Un Dilema Personal con la Rectitud
He incorporado una gran dosis de obligaciones autoimpuestas en mi vida diaria y me resulta imposible pensar en actuar con picardía. La culpa y un súper-yo descomunal me lo prohíben. Ejemplos sencillos de esto podrían ser situaciones como cuando no me cobraron una botella de agua en un restaurante y, por supuesto, se los informé. Me lo agradecieron y, como gesto de cortesía -quizás pensando “qué ingenuo”-, me la descontaron. De igual manera, si en el supermercado de la esquina me fían y me quedo corto por un peso, regreso enseguida para saldar mi deuda. Esto es honestidad llevada al extremo.
La Publicidad de la Picardía vs. Cumplir las Normas
No me parece incorrecto seguir este camino. ¿Por qué a menudo se celebra el ingenio oportunista en lugar de las normas de convivencia que fomentan la confianza mutua? El inconveniente surge cuando esta necesidad de rectitud se lleva al extremo. Por ejemplo, nunca se me pasaría por la mente abonar las expensas fuera de término. En una ocasión, al pagar el recibo del gas después del primer plazo, me sentí como si hubiera cometido un pecado imperdonable. Ser íntegro es esencial, claro, pero a veces exagero y siento que un pequeño fallo es un error enorme.

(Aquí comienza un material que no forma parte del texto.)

lemma exp_weighted_norm_le:
  fixes A :: "'a::banach \<Rightarrow>\<^sub>L 'a"
  assumes decay: "\<forall>s\<ge>0. norm (blinfun_exp (s *\<^sub>R A)) \<le> a * exp (- \<alpha> * s)"
    and "\<beta> < \<alpha>" and "0 \<le> t"
    and "\<And>s. s \<in> {0..t} \<Longrightarrow> (x has_vector_derivative A (x s) + f s) (at s within {0..t})"
    and "\<And>s. s \<in> {0..t} \<Longrightarrow> exp (\<beta> * s) * norm (f s) \<le> K"
  shows "exp (\<beta> * t) * norm (x t) \<le> a * norm (x 0) + a * K / (\<alpha> - \<beta>)"
proof -
  have "0 \<le> a"
    using exp_decay_const_nonneg[OF decay] .
  have free: "norm (blinfun_exp (t *\<^sub>R A) (x 0)) \<le> a * exp (- \<alpha> * t) * norm (x 0)"
    using norm_blinfun[of "blinfun_exp (t *\<^sub>R A)" "x 0"] decay \<open>0 \<le> t\<close>
    by (meson mult_right_mono norm_ge_zero order_trans)
  have "exp (\<beta> * t) * norm (x t)
      \<le> exp (\<beta> * t) * (a * exp (- \<alpha> * t) * norm (x 0) + exp (- \<beta> * t) * (a * K / (\<alpha> - \<beta>)))"
    using norm_triangle_sub[of "x t" "blinfun_exp (t *\<^sub>R A) (x 0)"] free
      norm_forced_response_le[OF assms]
    by (intro mult_left_mono) auto
  also have "\<dots> = a * exp (- ((\<alpha> - \<beta>) * t)) * norm (x 0) + a * K / (\<alpha> - \<beta>)"
    by (simp add: algebra_simps exp_minus_inverse flip: exp_add)
  also have "\<dots> \<le> a * 1 * norm (x 0) + a * K / (\<alpha> - \<beta>)"
    using \<open>0 \<le> a\<close> \<open>\<beta> < \<alpha>\<close> \<open>0 \<le> t\<close> by (intro add_right_mono mult_right_mono mult_left_mono) auto
  finally show ?thesis
    by simp
qed

lemma at_within_atLeast_neq_bot:
  fixes a t :: real
  assumes "a \<le> t"
  shows "at t within {a..} \<noteq> bot"
proof
  assume "at t within {a..} = bot"
  moreover have "at t within {t<..} \<le> at t within {a..}"
    using assms by (intro at_le) auto
  ultimately show False
    using trivial_limit_at_right_real[of t] by (simp add: bot_unique)
qed

lemma norm_le_input_bound:
  assumes "continuous_on {0..} u" and "s \<in> {0..t}"
  shows "exp (\<beta> * s) * norm (u s) \<le> input_bound \<beta> 0 u t"
proof -
  have "continuous_on {0..t} (\<lambda>s. norm (exp (\<beta> * s) *\<^sub>R u s))"
    using continuous_on_subset[OF assms(1)] by (intro continuous_intros) auto
  then have "bdd_above ((\<lambda>s. norm (exp (\<beta> * s) *\<^sub>R u s)) ` {0..t})"
    by (intro bounded_imp_bdd_above compact_imp_bounded compact_continuous_image) auto
  then show ?thesis
    using cSUP_upper[OF assms(2)] by (simp add: input_bound_def)
qed

lemma Sys_has_vector_derivative:
  assumes "(u, x, y) \<in> Sys A B C" and "0 \<le> t"
  shows "(x has_vector_derivative A (x t) + B (u t)) (at t within {0..})"
    and "(y has_vector_derivative C (A (x t) + B (u t))) (at t within {0..})"
proof -
  show x': "(x has_vector_derivative A (x t) + B (u t)) (at t within {0..})"
    using assms by (simp add: Sys_def)
  have "\<forall>s\<ge>0. y s = C (x s)"
    using assms(1) by (simp add: Sys_def)
  from bounded_linear.has_vector_derivative[OF blinfun.bounded_linear_right[of C] x']
  show "(y has_vector_derivative C (A (x t) + B (u t))) (at t within {0..})"
    by (rule has_vector_derivative_transform[rotated 2]) (use assms(2) \<open>\<forall>s\<ge>0. y s = C (x s)\<close> in auto)
qed

lemma Sys_hderiv:
  assumes "(u, x, y) \<in> Sys A B C" and "0 \<le> t"
  shows "hderiv 1 x t = A (x t) + B (u t)"
    and "k \<le> 1 \<Longrightarrow> hderiv k y t = C (hderiv k x t)"
proof -
  note vector_derivative_within[OF at_within_atLeast_neq_bot[OF \<open>0 \<le> t\<close>]]
  note x' = this[OF Sys_has_vector_derivative(1)[OF assms]]
    and y' = this[OF Sys_has_vector_derivative(2)[OF assms]]
  show "hderiv 1 x t = A (x t) + B (u t)"
    using x' by simp
  have "y t = C (x t)"
    using assms by (simp add: Sys_def)
  then show "hderiv k y t = C (hderiv k x t)" if "k \<le> 1"
    using that x' y' by (cases k) auto
qed

lemma Sys_output_Cn1:
  assumes "(u, x, y) \<in> Sys A B C"
  shows "Cn 1 y"
proof -
  have y1: "hderiv 1 y t = C (hderiv 1 x t)" if "0 \<le> t" for t
    by (rule Sys_hderiv(2)[OF assms that]) simp
  have y': "(y has_vector_derivative hderiv 1 y t) (at t within {0..})" if "0 \<le> t" for t
  proof -
    from y1[OF that] have "hderiv 1 y t = C (A (x t) + B (u t))"
      by (simp only: Sys_hderiv(1)[OF assms that])
    then show ?thesis
      using Sys_has_vector_derivative(2)[OF assms that] by simp
  qed
  have "Cn 1 x" and "Cn 0 y"
    using assms by (simp_all add: Sys_def)
  then have "continuous_on {0..} (hderiv 1 x)" and "continuous_on {0..} y"
    unfolding Cn_def by auto
  then have "continuous_on {0..} (\<lambda>t. C (hderiv 1 x t))"
    by (intro continuous_intros)
  then have "continuous_on {0..} (hderiv 1 y)"
    by (rule continuous_on_eq) (metis atLeast_iff y1)
  then show ?thesis
    using y' \<open>continuous_on {0..} y\<close> by (auto simp: Cn_def le_Suc_eq)
qed

lemma input_bound_nonneg:
  assumes "continuous_on {0..} u" and "0 \<le> t"
  shows "0 \<le> input_bound \<beta> 0 u t"
  using norm_le_input_bound[OF assms(1), of 0 t \<beta>] assms(2) by (simp add: order_trans[OF norm_ge_zero])

lemma Sys_state_bound:
  fixes A :: "'x::banach \<Rightarrow>\<^sub>L 'x"
  assumes decay: "\<forall>s\<ge>0. norm (blinfun_exp (s *\<^sub>R A)) \<le> a * exp (- \<alpha> * s)"
    and "\<beta> < \<alpha>" and S: "(u, x, y) \<in> Sys A B C" and "0 \<le> t"
  shows "exp (\<beta> * t) * norm (x t) \<le> a * norm (x 0) + a * norm B / (\<alpha> - \<beta>) * input_bound \<beta> 0 u t"
proof -
  have u: "continuous_on {0..} u"
    using S by (simp add: Sys_def Cn_def)
  have "exp (\<beta> * t) * norm (x t) \<le> a * norm (x 0) + a * (norm B * input_bound \<beta> 0 u t) / (\<alpha> - \<beta>)"
  proof (rule exp_weighted_norm_le[OF decay \<open>\<beta> < \<alpha>\<close> \<open>0 \<le> t\<close>])
    fix s assume s: "s \<in> {0..t}"
    show "(x has_vector_derivative A (x s) + B (u s)) (at s within {0..t})"
      using s by (intro has_vector_derivative_within_subset[OF Sys_has_vector_derivative(1)[OF S]]) auto
    have "exp (\<beta> * s) * norm (B (u s)) \<le> norm B * (exp (\<beta> * s) * norm (u s))"
      using norm_blinfun[of B "u s"] by (simp add: mult.left_commute mult_left_mono)
    also have "\<dots> \<le> norm B * input_bound \<beta> 0 u t"
      using norm_le_input_bound[OF u s] by (intro mult_left_mono) auto
    finally show "exp (\<beta> * s) * norm (B (u s)) \<le> norm B * input_bound \<beta> 0 u t" .
  qed
  then show ?thesis
    by (simp add: algebra_simps)
qed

La Influencia Familiar en la Ética Personal
Tal vez mi crianza influya en esto: cualquier cosa era perdonable, excepto quedarse con un vuelto, algo que nadie consideraba. No por temor a las consecuencias, sino simplemente porque no se hacía, sin más. Recuerdo a mi abuelo, ya con problemas de visión, manteniendo una carpeta ordenada con las facturas pagadas. En esos tiempos, uno era culpable a menos que mostrara el sello del banco, incluso años después.

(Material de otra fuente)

lemma label_edge_less_sig:
  assumes t: "t \<in> dec_tuples (level a)" and levels: "set t \<subseteq> range level"
  shows "label a t < sig nrel (length t)"
proof (cases "H (insert a (vertices t))")
  case (Some j)
  have "a \<notin> vertices t" using vertices_less[OF t] by blast
  moreover have "distinct t" using t sorted_wrt_greater_distinct by (simp add: dec_tuples_def)
  ultimately have card: "card (insert a (vertices t)) = length t + 1"
    using card_vertices[OF levels] by simp
  then have "sig nrel (length t) = nrel (length t + 1) + 2"
    using sig_eq_below_edge[OF Some] by simp
  then show ?thesis using H_SomeD[OF Some] card t levels Some by (simp add: label_def)
qed (use t levels sig_pos in \<open>simp add: label_def\<close>)

lemma length_less_card_marker_edge:
  assumes t: "t \<in> dec_tuples (level a)" and marker: "marker_tuple a t"
    and fin: "finite (marker_edge t)"
  shows "length t < card (insert a (marker_edge t))"
proof -
  let ?b = "butlast t" and ?c = "marker_vertex (last t)"
  have levels: "set ?b \<subseteq> range level" and c: "\<forall>v \<in> insert a (vertices ?b). ?c < v"
    using marker by (simp_all add: marker_tuple_def)
  have "distinct ?b" using t sorted_wrt_greater_distinct by (simp add: dec_tuples_def distinct_butlast)
  then have "card (vertices ?b) = length ?b" by (rule card_vertices[OF levels])
  moreover have "vertices ?b \<subseteq> vertices t"
    by (auto simp: vertices_def dest: in_set_butlastD)
  then have "a \<notin> vertices ?b" using vertices_less[OF t] by blast
  moreover have "?c \<notin> insert a (vertices ?b)" using c by blast
  moreover have "t \<noteq> []" using t by (simp add: dec_tuples_def)
  ultimately have eq: "card (insert ?c (insert a (vertices ?b))) = length t + 1" by simp
  have "card (insert ?c (insert a (vertices ?b))) \<le> card (insert a (marker_edge t))"
    by (rule card_mono) (use fin in \<open>auto simp: marker_edge_def\<close>)
  then show ?thesis using eq by simp
qed

lemma label_not_levels_less_sig:
  assumes t: "t \<in> dec_tuples (level a)" and not_levels: "\<not> set t \<subseteq> range level"
  shows "label a t < sig nrel (length t)"
proof (cases "length t \<le> k \<and> marker_tuple a t \<and>
    H (insert a (marker_edge t)) = Some (marker_label (last t))")
  case True
  then have "length t < card (insert a (marker_edge t))"
    using length_less_card_marker_edge[OF t] H_SomeD[of "insert a (marker_edge t)"] by auto
  then have "sig nrel (length t) = nrel (length t + 1) + 2"
    using True sig_eq_below_edge[of "insert a (marker_edge t)"] by simp
  moreover have "label a t = 1" using label_not_levels[OF t not_levels] True by simp
  ultimately show ?thesis by simp
next
  case False
  then have "label a t = 0" using label_not_levels[OF t not_levels] by simp
  then show ?thesis using sig_pos by simp
qed

lemma emb_in_T0: "emb a \<in> Tlev nrel 0"
  unfolding Tlev_def valfun_def
  using label_edge_less_sig label_not_levels_less_sig by (auto simp: label_def)

lemma lower_vertices_tuple:
  assumes "finite S" "2 \<le> card S"
  defines "t \<equiv> rev (sorted_list_of_set (level ` (S - {Max S})))"
  shows "t \<in> dec_tuples (level (Max S))" "set t \<subseteq> range level"
    "insert (Max S) (vertices t) = S"
proof -
  have "S \<noteq> {}" using assms(2) by auto
  then have S: "S \<noteq> {}" "Max S \<in> S" using assms(1) by auto
  have set_t: "set t = level ` (S - {Max S})" using assms(1) by (simp add: t_def)
  have "S - {Max S} \<noteq> {}"
  proof
    assume "S - {Max S} = {}"
    then have "card S \<le> card {Max S}" using card_mono[of "{Max S}" S] by auto
    then show False using assms(2) by simp
  qed
  moreover have "\<forall>x \<in> set t. x < level (Max S)"
    using set_t assms(1) by (auto intro: le_neq_implies_less)
  ultimately show "t \<in> dec_tuples (level (Max S))"
    using set_t by (auto simp: dec_tuples_def t_def sorted_wrt_rev)
  show "set t \<subseteq> range level" using set_t by auto
  show "insert (Max S) (vertices t) = S" using set_t S by (auto simp: vertices_def)
qed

La Picardía en Contextos Diferentes
Es curioso cómo mucha gente que no se atrevería a actuar con picardía en su entorno habitual, lo hace en otros lugares. Parece que con los distintos, todo vale. Tal vez porque, al considerarnos los mejores, sentimos que podemos aprovechar la ingenuidad de los demás. Sin embargo, el problema no radica en el ahorro de una pequeña cantidad, sino en demostrar que podemos ser más astutos. Expresado así, no suena tan mal, pero si reflexionamos sobre la intención de aprovecharse de otros, ahí surge el conflicto. Es importante profundizar en esto: el perdedor no es solo el supuesto perjudicado, sino también uno mismo. Adelantar por el arcén, amigos, deja un regusto amargo.